The present invention is further illustrated by the following examples. These examples are not intended to limit the invention in any way.

(0180-0181) Example 1. Preparation of cerium dioxide nanoparticles by single jet addition A 3 liter round bottom stainless steel reactor vessel is charged with 1.267 liter distilled water followed by 100 ml Ce (NO ₃ ) ₃ .6H ₂ O solution (600 g / liter Ce (NO ₃ ) ₃ · 6H ₂ O) was added. The solution was clear and had a pH of 4.2 at 20 ° C. Subsequently, 30.5 g of 2- [2- (2-methoxyethoxy) ethoxy] acetic acid (MEEA) was added to the vessel. The solution remained clear and the pH was 2.8 at 20 ° C. A high shear mixer (from Silverson Machines, a colloid mill modified so that the reactants can be introduced directly into the mixer blade by a peristaltic tubing pump) is lowered into the reactor vessel and the mixer head is placed at the bottom of the reactor vessel. Positioned slightly above. The mixer was set at 5000 rpm and 8.0 g of 30% H ₂ O ₂ was added to the reactor vessel. Then, 28 to 30% NH ₄ OH in 16ml diluted up to 40 ml, was pumped into the reactor vessel at about 12 seconds by a mixer head. The initially clear solution turned orange / brown. The high shear mixer was removed, the reactor vessel was moved to a temperature controlled water jacket and the solution was stirred at 450 rpm using a mixer equipped with an R-100 propeller. Three minutes after pumping NH ₄ OH into the reactor, the pH was 3.9 at 25 ° C. Over the next 25 minutes, the reactor vessel temperature was raised to 70 ° C. At this time, the pH was 3.9. The solution temperature was maintained at 70 ° C. for 20 minutes. During this time, the color of the solution changed from orange brown to clear dark yellow. The pH was 3.6 at 70 ° C. The temperature was lowered to 25 ° C. over the next 25 minutes. At this time, the pH was 4.2 at 25 ° C. Particle size analysis by dynamic light scattering showed a cerium dioxide strength weighted hydrodynamic diameter of 6 nm. The dispersion was then subjected to diafiltration to a conductivity of 3 mS / cm and concentrated approximately 10 times with CeO ₂ particles to nominally 1 mole.

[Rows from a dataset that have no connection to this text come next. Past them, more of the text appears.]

lemma funpow_fact_eq_id:
  assumes "inj p" "finite (supp p)" "card (supp p) \<le> s"
  shows "p ^^ fact s = id"
proof
  fix x
  show "(p ^^ fact s) x = id x"
  proof (cases "x \<in> supp p")
    case False
    then show ?thesis by (simp add: supp_def funpow_fixed)
  next
    case True
    obtain d where d: "0 < d" "d \<le> s" "(p ^^ d) x = x"
      using funpow_return_within[OF assms] supp_funpow_closed[OF assms(1) True] by blast
    have "fact s mod d = (0::nat)"
      using d by (simp add: dvd_fact dvd_imp_mod_0)
    then show ?thesis
      using funpow_mod_eq[OF d(3), of "fact s"] by simp
  qed
qed

lemma card_supp_le_cycle_structure:
  assumes "finitary_perm p"
  shows "card (supp p) \<le> sum_list (cycle_structure p)"
proof -
  have inj: "inj p" and fin: "finite (supp p)"
    using assms by (simp_all add: finitary_perm_iff bij_is_inj)
  define Os where "Os = {perm_orbit p x | x. p x \<noteq> x}"
  have Os: "Os = perm_orbit p ` supp p"
    by (auto simp: Os_def supp_def)
  have "x \<in> perm_orbit p x" for x
    by (auto simp: perm_orbit_def intro: exI[of _ 0])
  moreover have "perm_orbit p x \<subseteq> supp p" if "x \<in> supp p" for x
    using supp_funpow_closed[OF inj that] by (auto simp: perm_orbit_def)
  ultimately have "\<Union>Os = supp p"
    unfolding Os by blast
  then have "card (supp p) \<le> sum card Os"
    using card_Union_le_sum_card[of Os] by simp
  also have "sum card Os = sum_list (cycle_structure p)"
    unfolding cycle_structure_def Os_def[symmetric] sum_list_rev
    by (simp add: sum_unfold_sum_mset sum_mset_sum_list[symmetric])
  finally show ?thesis .
qed

lemma finitary_perm_comp:
  assumes "finitary_perm f" "finitary_perm g"
  shows "finitary_perm (f \<circ> g)"
proof -
  have "finite (supp f \<union> supp g)"
    using assms by (simp add: finitary_perm_iff)
  then have "finite (supp (f \<circ> g))"
    by (rule finite_subset[OF supp_comp_subset])
  then show ?thesis
    using assms by (simp add: finitary_perm_iff bij_comp)
qed

lemma finitary_perm_inv:
  assumes "finitary_perm f"
  shows "finitary_perm (inv_into UNIV f)"
proof -
  have "bij f" using assms by (simp add: finitary_perm_iff)
  have "finite (supp f)"
    using assms by (simp add: finitary_perm_iff)
  then have "finite (supp (inv_into UNIV f))"
    by (rule finite_subset[OF supp_inv[OF bij_is_inj[OF \<open>bij f\<close>]]])
  then show ?thesis
    using \<open>bij f\<close> by (simp add: finitary_perm_iff bij_imp_bij_inv)
qed

lemma Bij_UNIV: "Bij (UNIV :: 'a set) = {f. bij f}"
  by (auto simp: Bij_def)

lemma compose_UNIV: "compose UNIV f g = f \<circ> g"
  by (auto simp: compose_def)

lemma subgroup_finitary_perm: "subgroup {p. finitary_perm p} (BijGroup UNIV)"
proof
  show "{p. finitary_perm p} \<subseteq> carrier (BijGroup UNIV)"
    by (auto simp: BijGroup_def Bij_UNIV finitary_perm_def)
  show "\<one>\<^bsub>BijGroup UNIV\<^esub> \<in> {p. finitary_perm p}"
    by (auto simp: BijGroup_def finitary_perm_def id_def[symmetric])
next
  fix f g assume "f \<in> {p. finitary_perm p}" "g \<in> {p. finitary_perm p}"
  then show "f \<otimes>\<^bsub>BijGroup UNIV\<^esub> g \<in> {p. finitary_perm p}"
    using finitary_perm_comp[of f g]
    by (auto simp: BijGroup_def Bij_UNIV finitary_perm_def compose_UNIV)
next
  fix f assume f: "f \<in> {p. finitary_perm p}"
  then have "f \<in> Bij UNIV" by (simp add: Bij_UNIV finitary_perm_def)
  then have "inv\<^bsub>BijGroup UNIV\<^esub> f = inv_into UNIV f"
    by (simp add: inv_BijGroup restrict_def)
  then show "inv\<^bsub>BijGroup UNIV\<^esub> f \<in> {p. finitary_perm p}"
    using f finitary_perm_inv by auto
qed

The cerium dioxide particles were recovered, excess solvent was removed by evaporation and the weight yield (corrected for the weight of MEEA) was measured to be 62.9%.

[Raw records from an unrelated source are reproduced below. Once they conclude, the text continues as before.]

(* Let $\mathcal{L}$ be the set of formulas of classical propositional calculus (with $\neg$ and $\wedge$ as basic connectives and the other connectives defined classically), and let $a, b \in \mathcal{L}$. The following are equivalent: (1) $a$ logically implies $b$ in classical propositional logic, $a \models b$; (2) for every operation $\mathcal{C}: 2^{\mathcal{L}}\to 2^{\mathcal{L}}$ satisfying Inclusion, Idempotence, Monotonicity, Weak Compactness, $\wedge$-R, $\neg$-R1 and $\neg$-R2, one has $b \in \mathcal{C}(\{a\})$; (3) for every operation $\mathcal{C}: 2^{\mathcal{L}}\to 2^{\mathcal{L}}$ satisfying Inclusion, Cumulativity, Weak Compactness, $\wedge$-R, $\neg$-R1 and $\neg$-R2, one has $b \in \mathcal{C}(\{a\})$; (4) for every operation $\mathcal{C}$ as in (3) and every $A \subseteq \mathcal{L}$, one has $b \in \mathcal{C}(A \cup\{a\})$; (5) for every operation $\mathcal{C}$ as in (3), one has $\mathcal{C}(\{a, \neg b\}) = \mathcal{L}$.
   Context: Write $\mathcal{C}(A, a_1,\dots,a_k)$ for $\mathcal{C}(A\cup\{a_1,\dots,a_k\})$. Properties, for all $A,B\subseteq\mathcal{L}$, $a,b\in\mathcal{L}$: Inclusion: $A \subseteq \mathcal{C}(A)$. Idempotence: $\mathcal{C}(\mathcal{C}(A)) = \mathcal{C}(A)$. Monotonicity: $A \subseteq B \Rightarrow \mathcal{C}(A)\subseteq\mathcal{C}(B)$. Cumulativity: $A \subseteq B \subseteq \mathcal{C}(A) \Rightarrow \mathcal{C}(A)=\mathcal{C}(B)$. Weak Compactness: if $\mathcal{C}(A)=\mathcal{L}$ then $\mathcal{C}(B)=\mathcal{L}$ for some finite $B\subseteq A$. $\wedge$-R: $\mathcal{C}(A, a\wedge b) = \mathcal{C}(A,a,b)$. $\neg$-R1: $\mathcal{C}(A,a,\neg a)=\mathcal{L}$. $\neg$-R2: if $\mathcal{C}(A,\neg a)=\mathcal{L}$ then $a\in\mathcal{C}(A)$. *)

theory Defs
  imports Main
begin

datatype form = Atom nat | Neg form | Conj form form

primrec holds :: "(nat \<Rightarrow> bool) \<Rightarrow> form \<Rightarrow> bool" where
  "holds v (Atom p) = v p"
| "holds v (Neg a) = (\<not> holds v a)"
| "holds v (Conj a b) = (holds v a \<and> holds v b)"

definition entails :: "form \<Rightarrow> form \<Rightarrow> bool" (infix "\<Turnstile>" 50) where
  "a \<Turnstile> b \<longleftrightarrow> (\<forall>v. holds v a \<longrightarrow> holds v b)"

definition inclusion :: "(form set \<Rightarrow> form set) \<Rightarrow> bool" where
  "inclusion C \<longleftrightarrow> (\<forall>A. A \<subseteq> C A)"

definition idempotence :: "(form set \<Rightarrow> form set) \<Rightarrow> bool" where
  "idempotence C \<longleftrightarrow> (\<forall>A. C (C A) = C A)"

definition monotonicity :: "(form set \<Rightarrow> form set) \<Rightarrow> bool" where
  "monotonicity C \<longleftrightarrow> (\<forall>A B. A \<subseteq> B \<longrightarrow> C A \<subseteq> C B)"

definition cumulativity :: "(form set \<Rightarrow> form set) \<Rightarrow> bool" where
  "cumulativity C \<longleftrightarrow> (\<forall>A B. A \<subseteq> B \<and> B \<subseteq> C A \<longrightarrow> C A = C B)"

definition weak_compactness :: "(form set \<Rightarrow> form set) \<Rightarrow> bool" where
  "weak_compactness C \<longleftrightarrow>
     (\<forall>A. C A = UNIV \<longrightarrow> (\<exists>B. finite B \<and> B \<subseteq> A \<and> C B = UNIV))"

definition conj_R :: "(form set \<Rightarrow> form set) \<Rightarrow> bool" where
  "conj_R C \<longleftrightarrow> (\<forall>A a b. C (A \<union> {Conj a b}) = C (A \<union> {a, b}))"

A transmission electron microscope (TEM) was also used to analyze the cerium dioxide particles. A 9 microliter solution (0.26M) was dried on a grid and the image of FIG. 1 was taken. The particles show no signs of aggregation even in this dry state. The tendency of particles to agglomerate in solution is expected to be even lower. From the particle size distribution of cerium dioxide particles determined by transmission electron microscopy (TEM) (plotted in FIG. 1), a geometric diameter of about 2.6 nm is obtained. In addition, the size distribution is substantially unimodal (ie, there is only one maximum) and is uniform (COV 19%) and most of the particles are in the 2-4 nm range.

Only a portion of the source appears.